Primary LanguageJupyter Notebook

RoBERTa for Sequence Classification on AG-NEWS dataset


  1. Install torch from https://pytorch.org/
  2. Install hugging-face transformers using pip install transformers
  3. Install hugging-face datasets using pip install datasets
  4. Install TQDM progress bar using pip install tqdm
  5. Install matplotlib using pip install matplotlib
  6. Install pandas using pip install pandas
  7. Install scikit-learn using pip install scikit-learn (required for precision,recall and f1 score calculation)

AG-NEWS dataset

The ‘ag_news’ dataset consists of totally 120000 train rows and 7600 test rows, and consist of 2 columns – ‘text’ and ‘label’. The ‘text’ column denotes the news and ‘label’ denotes the category of the news. The news is classified as 4 types:

Label Integer Representation
World 0
Sports 1
Business 2
Sci/Tech 3

We load this dataset using datasets.load_dataset and shuffle it.
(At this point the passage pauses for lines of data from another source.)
lemma comps_disjoint: "(c, d) \<in> comps j \<Longrightarrow> (c', d') \<in> comps j \<Longrightarrow> (c, d) \<noteq> (c', d') \<Longrightarrow>
  {c<..<d} \<inter> {c'<..<d'} = {}"
proof (induction j arbitrary: c d c' d')
  case 0 then show ?case by simp
next
  case (Suc j)
  obtain c0 d0 I where I: "(c0, d0) \<in> comps j" "I \<in> holes (A1_on c0 d0) c0 d0" "c = Inf I" "d = Sup I"
    using Suc.prems(1) comps_Suc_iff by blast
  obtain c1 d1 I' where I': "(c1, d1) \<in> comps j" "I' \<in> holes (A1_on c1 d1) c1 d1" "c' = Inf I'" "d' = Sup I'"
    using Suc.prems(2) comps_Suc_iff by blast
  have cd0: "c0 < d0" and cd1: "c1 < d1" using comps_less I(1) I'(1) by auto
  have e1: "{c<..<d} = I" using holeD(1)[OF cd0 I(2)] I(3,4) by simp
  have e2: "{c'<..<d'} = I'" using holeD(1)[OF cd1 I'(2)] I'(3,4) by simp
  show ?case
  proof (cases "(c0, d0) = (c1, d1)")
    case True
    then have "I \<noteq> I'" using Suc.prems(3) I(3,4) I'(3,4) by auto
    then show ?thesis using holes_disjoint I(2) I'(2) True e1 e2 by auto
  next
    case False
    have "{c0<..<d0} \<inter> {c1<..<d1} = {}" using Suc.IH[OF I(1) I'(1) False] .
    moreover have "{c<..<d} \<subseteq> {c0<..<d0}" using hole_subset_Ioo[OF cd0 I(2)] I(3,4) by simp
    moreover have "{c'<..<d'} \<subseteq> {c1<..<d1}" using hole_subset_Ioo[OF cd1 I'(2)] I'(3,4) by simp
    ultimately show ?thesis by blast
  qed
qed

lemma comps_descendant: "(c, d) \<in> comps j \<Longrightarrow> \<exists>c' d'. (c', d') \<in> comps (j + k) \<and> c \<le> c' \<and> d' \<le> d"
proof (induction k)
  case 0 then show ?case by auto
next
  case (Suc k)
  then obtain c' d' where cd': "(c', d') \<in> comps (j + k)" "c \<le> c'" "d' \<le> d" by blast
  obtain I where I: "I \<in> holes (A1_on c' d') c' d'" using hole_exists comps_less[OF cd'(1)] by blast
  have "(Inf I, Sup I) \<in> comps (j + Suc k)" using cd'(1) I comps_Suc_iff by auto
  then show ?case using holeD[OF comps_less[OF cd'(1)] I] cd' by (intro exI[of _ "Inf I"] exI[of _ "Sup I"]) auto
qed

text \<open>As long as no component interval fits into \<open>[a,b]\<close>, some component interval of every
  level contains \<open>[a,b]\<close>; this is impossible once the level lengths \<open>2\<^sup>-\<^sup>j\<close> drop below \<open>b - a\<close>.\<close>
lemma comps_inside_interval:
  assumes ab: "0 \<le> a" "a < b" "b \<le> 1"
  shows "\<exists>j c d. (c, d) \<in> comps j \<and> a \<le> c \<and> d \<le> b"
proof (rule ccontr)
  assume none: "\<not> ?thesis"
  have "\<exists>c d. (c, d) \<in> comps l \<and> c \<le> a \<and> b \<le> d" for l
  proof (induction l)
    case 0 then show ?case using ab by auto
  next
    case (Suc l)
    then obtain c d where cd: "(c, d) \<in> comps l" "c \<le> a" "b \<le> d" by blast
    have cd0: "c < d" using comps_less[OF cd(1)] .
    show ?case
    proof (cases "\<exists>I\<in>holes (A1_on c d) c d. I \<subseteq> {a<..<b}")
      case True
      then obtain I where I: "I \<in> holes (A1_on c d) c d" "I \<subseteq> {a<..<b}" by blast
      have "(Inf I, Sup I) \<in> comps (Suc l)" using cd(1) I(1) comps_Suc_iff by blast
      moreover have "{Inf I<..<Sup I} \<subseteq> {a<..<b}" "Inf I < Sup I" using holeD(1,3)[OF cd0 I(1)] I(2) by auto
      then have "a \<le> Inf I" "Sup I \<le> b" using greaterThanLessThan_subseteq_greaterThanLessThan by blast+
      ultimately show ?thesis using none by blast
    next
      case False
      then obtain I where I: "I \<in> holes (A1_on c d) c d" "{a<..<b} \<subseteq> I"
        using hole_inside_or_around[OF cd0 cd(2) ab(2) cd(3)] by blast
      have "(Inf I, Sup I) \<in> comps (Suc l)" using cd(1) I(1) comps_Suc_iff by blast
      moreover have "{a<..<b} \<subseteq> {Inf I<..<Sup I}" using holeD(1)[OF cd0 I(1)] I(2) by auto
      then have "Inf I \<le> a" "b \<le> Sup I" using greaterThanLessThan_subseteq_greaterThanLessThan ab(2) by blast+
      ultimately show ?thesis by blast
    qed
  qed
  moreover obtain l where l: "(1/2::real)^l < b - a" using real_arch_pow_inv[of "b - a" "1/2"] ab by auto
  ultimately obtain c d where "(c, d) \<in> comps l" "c \<le> a" "b \<le> d" by blast
  then have "b - a \<le> (1/2)^l" using comps_bounds by fastforce
  then show False using l by simp
qed

section \<open>The sets \<open>A\<^sub>j\<close>\<close>

abbreviation A :: "nat \<Rightarrow> real set" where
  "A m \<equiv> cantor_seq A1 m"

definition covering :: "nat \<Rightarrow> real set" where
  "covering j = (\<Union>(c, d)\<in>comps j. {c..d})"

definition endpoints :: "nat \<Rightarrow> real set" where
  "endpoints j = fst ` comps j \<union> snd ` comps j"

lemma A_Suc: "A (Suc j) = (\<Union>(c, d)\<in>comps j. A1_on c d)"
  unfolding cantor_seq_def by simp

lemma covering_0: "covering 0 = {0..1}"
  unfolding covering_def by simp

lemma endpoints_null: "endpoints j \<in> null_sets lborel"
  unfolding endpoints_def using countable_comps by (intro countable_imp_null_set_lborel) auto

lemma covering_sets: "covering j \<in> sets lborel"
  unfolding covering_def using countable_comps by (intro sets.countable_UN'') auto

lemma A_sets: "A m \<in> sets lborel"
  unfolding cantor_seq_def using countable_comps A1_on_sets by (intro sets.countable_UN'') auto

text \<open>The intervals of one level overlap only in endpoints, a null set, so measure is additive
  over them.\<close>
lemma emeasure_UN_comps:
  assumes F1: "\<And>p. p \<in> comps j \<Longrightarrow> F p \<subseteq> {fst p..snd p}"
    and F2: "\<And>p. p \<in> comps j \<Longrightarrow> F p \<in> sets lborel"
  shows "emeasure lborel (\<Union>p\<in>comps j. F p) = (\<integral>\<^sup>+p. emeasure lborel (F p) \<partial>count_space (comps j))"
proof -
  let ?N = "endpoints j"
  have U: "(\<Union>p\<in>comps j. F p) \<in> sets lborel" using countable_comps F2 by (intro sets.countable_UN'') auto
  have "emeasure lborel (\<Union>p\<in>comps j. F p) = emeasure lborel ((\<Union>p\<in>comps j. F p) - ?N)"
    using U endpoints_null by (simp add: emeasure_Diff_null_set)
  also have "(\<Union>p\<in>comps j. F p) - ?N = (\<Union>p\<in>comps j. F p - ?N)" by auto
  also have "emeasure lborel \<dots> = (\<integral>\<^sup>+p. emeasure lborel (F p - ?N) \<partial>count_space (comps j))"
  proof (rule emeasure_UN_countable)
    show "\<And>p. p \<in> comps j \<Longrightarrow> F p - ?N \<in> sets lborel"
      by (intro sets.Diff[OF F2 null_setsD2[OF endpoints_null]])
    show "countable (comps j)" by (rule countable_comps)
    have sub: "F p - ?N \<subseteq> {fst p<..<snd p}" if p: "p \<in> comps j" for p
      using F1[OF p] p unfolding endpoints_def by (force simp: order.order_iff_strict)
    show "disjoint_family_on (\<lambda>p. F p - ?N) (comps j)"
    proof (unfold disjoint_family_on_def, intro ballI impI)
      fix p q assume p: "p \<in> comps j" and q: "q \<in> comps j" and pq: "p \<noteq> q"
      have "{fst p<..<snd p} \<inter> {fst q<..<snd q} = {}"
        using comps_disjoint[of "fst p" "snd p" j "fst q" "snd q"] p q pq by simp
      then show "(F p - ?N) \<inter> (F q - ?N) = {}" using sub[OF p] sub[OF q] by blast
    qed
  qed
  also have "\<dots> = (\<integral>\<^sup>+p. emeasure lborel (F p) \<partial>count_space (comps j))"
    using F2 endpoints_null by (intro nn_integral_cong) (simp add: emeasure_Diff_null_set)
  finally show ?thesis .
qed

lemma emeasure_A_Suc: "emeasure lborel (A (Suc j)) = emeasure lborel (covering j) * inverse 2"
proof -
  have "emeasure lborel (A (Suc j)) = (\<integral>\<^sup>+p. emeasure lborel (A1_on (fst p) (snd p)) \<partial>count_space (comps j))"
    unfolding A_Suc case_prod_unfold
    by (rule emeasure_UN_comps) (auto simp: A1_on_sets[simplified] intro!: A1_on_subset comps_less)
  also have "\<dots> = (\<integral>\<^sup>+p. ennreal (snd p - fst p) * inverse 2 \<partial>count_space (comps j))"
    by (intro nn_integral_cong) (simp add: emeasure_A1_on comps_less ennreal_half)
  also have "\<dots> = (\<integral>\<^sup>+p. emeasure lborel {fst p..snd p} \<partial>count_space (comps j)) * inverse 2"
    by (subst nn_integral_multc[symmetric])
       (auto intro!: nn_integral_cong dest!: comps_less)
  also have "(\<integral>\<^sup>+p. emeasure lborel {fst p..snd p} \<partial>count_space (comps j)) = emeasure lborel (covering j)"
    unfolding covering_def case_prod_unfold by (rule emeasure_UN_comps[symmetric]) simp_all
  finally show ?thesis .
qed

lemma A_Suc_subset_covering: "A (Suc j) \<subseteq> covering j"
  unfolding A_Suc covering_def using A1_on_subset comps_less by blast

lemma covering_Suc_subset: "covering (Suc j) \<subseteq> covering j"
proof
  fix x assume "x \<in> covering (Suc j)"
  then obtain c' d' where cd': "(c', d') \<in> comps (Suc j)" "x \<in> {c'..d'}"
    unfolding covering_def by (auto simp del: comp_intervals.simps)
  then obtain c d I where I: "(c, d) \<in> comps j" "I \<in> holes (A1_on c d) c d" "c' = Inf I" "d' = Sup I"
    using comps_Suc_iff by blast
  have le: "c \<le> c'" "d' \<le> d" using holeD[OF comps_less[OF I(1)] I(2)] I(3,4) by auto
  show "x \<in> covering j" unfolding covering_def
    by (rule UN_I[of "(c, d)"]) (use I(1) cd'(2) le in auto)
qed

lemma covering_antimono: "j \<le> j' \<Longrightarrow> covering j' \<subseteq> covering j"
  by (induction rule: dec_induct) (use covering_Suc_subset in blast)+

lemma covering_subset_A_Suc_Un: "covering j \<subseteq> A (Suc j) \<union> covering (Suc j)"
proof
  fix x assume "x \<in> covering j"
  then obtain c d where cd: "(c, d) \<in> comps j" "x \<in> {c..d}" unfolding covering_def by auto
  show "x \<in> A (Suc j) \<union> covering (Suc j)"
  proof (cases "x \<in> A1_on c d")
    case True then show ?thesis using cd unfolding A_Suc by auto
  next
    case False
    then obtain I where I: "I \<in> holes (A1_on c d) c d" "x \<in> I" using hole_containing cd(2) by blast
    have "x \<in> {Inf I..Sup I}" using I(2) mem_hole_iff[OF comps_less[OF cd(1)] I(1)] by auto
    moreover have "(Inf I, Sup I) \<in> comps (Suc j)" using cd(1) I(1) comps_Suc_iff by blast
    ultimately show ?thesis unfolding covering_def by blast
  qed
qed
Training Dataset and model

  • The input to the model consists of 2 values: input sequence and the attention mask.
  • The tokenizer_helper function will return the tokenized output for a sentence. To tokenize the entire dataset, we use the map function of the dataset.
  • We then create a TensorDataset using the encoded input sequence, attention masks, and labels. Finally, We create a Dataloader for train and test dataset using the above TensorDataset and RandomSampler.
  • The default RobertaForSequenceClassification model is designed for binary classification. Thus, we change the final layer to output size 4.

Training Procedure

  • We finetune the model on the given down-stream task for 5 epochs, and batch size of 64.
  • We use the Adam optimizer with learning rate of 2e-5
  • To better finetune the model, we introduce an Exponential Learning Rate Scheduler.
  • Exponential LR Scheduler decays the learning rate by ‘gamma’ for each parameter group, on every epoch.
  • This helps the model approach the global minima better!
  • In order to prevent gradient explosion, we also clip the gradients using clip_grad_norm_()
  • The graphs plotted using macro_precision, macro_recalls, and macro_f1s show that the model performance peaks at 4 epochs.
  • We finally achieve a validation accuracy 95.86%

Insights and Observation

  • Often at times, we may need a LR Scheduler to better navigate to the global minima.
  • Micro Averaging for Precision/Recall/F1-Score is often influenced by the majority class, and thus can be a bad representative of the performance of the model.
  • Macro average is better for this case since it give weight for each individual class instead
  • At Epoch 5, validation loss has increased a little bit. This can also be seen in a the decrease on validation accuracy, precision, recall and f1 scores. This shows that the gradient descent has overshoot too much. This can be fixed by introducing a MultiStepLR with a step at epoch 4.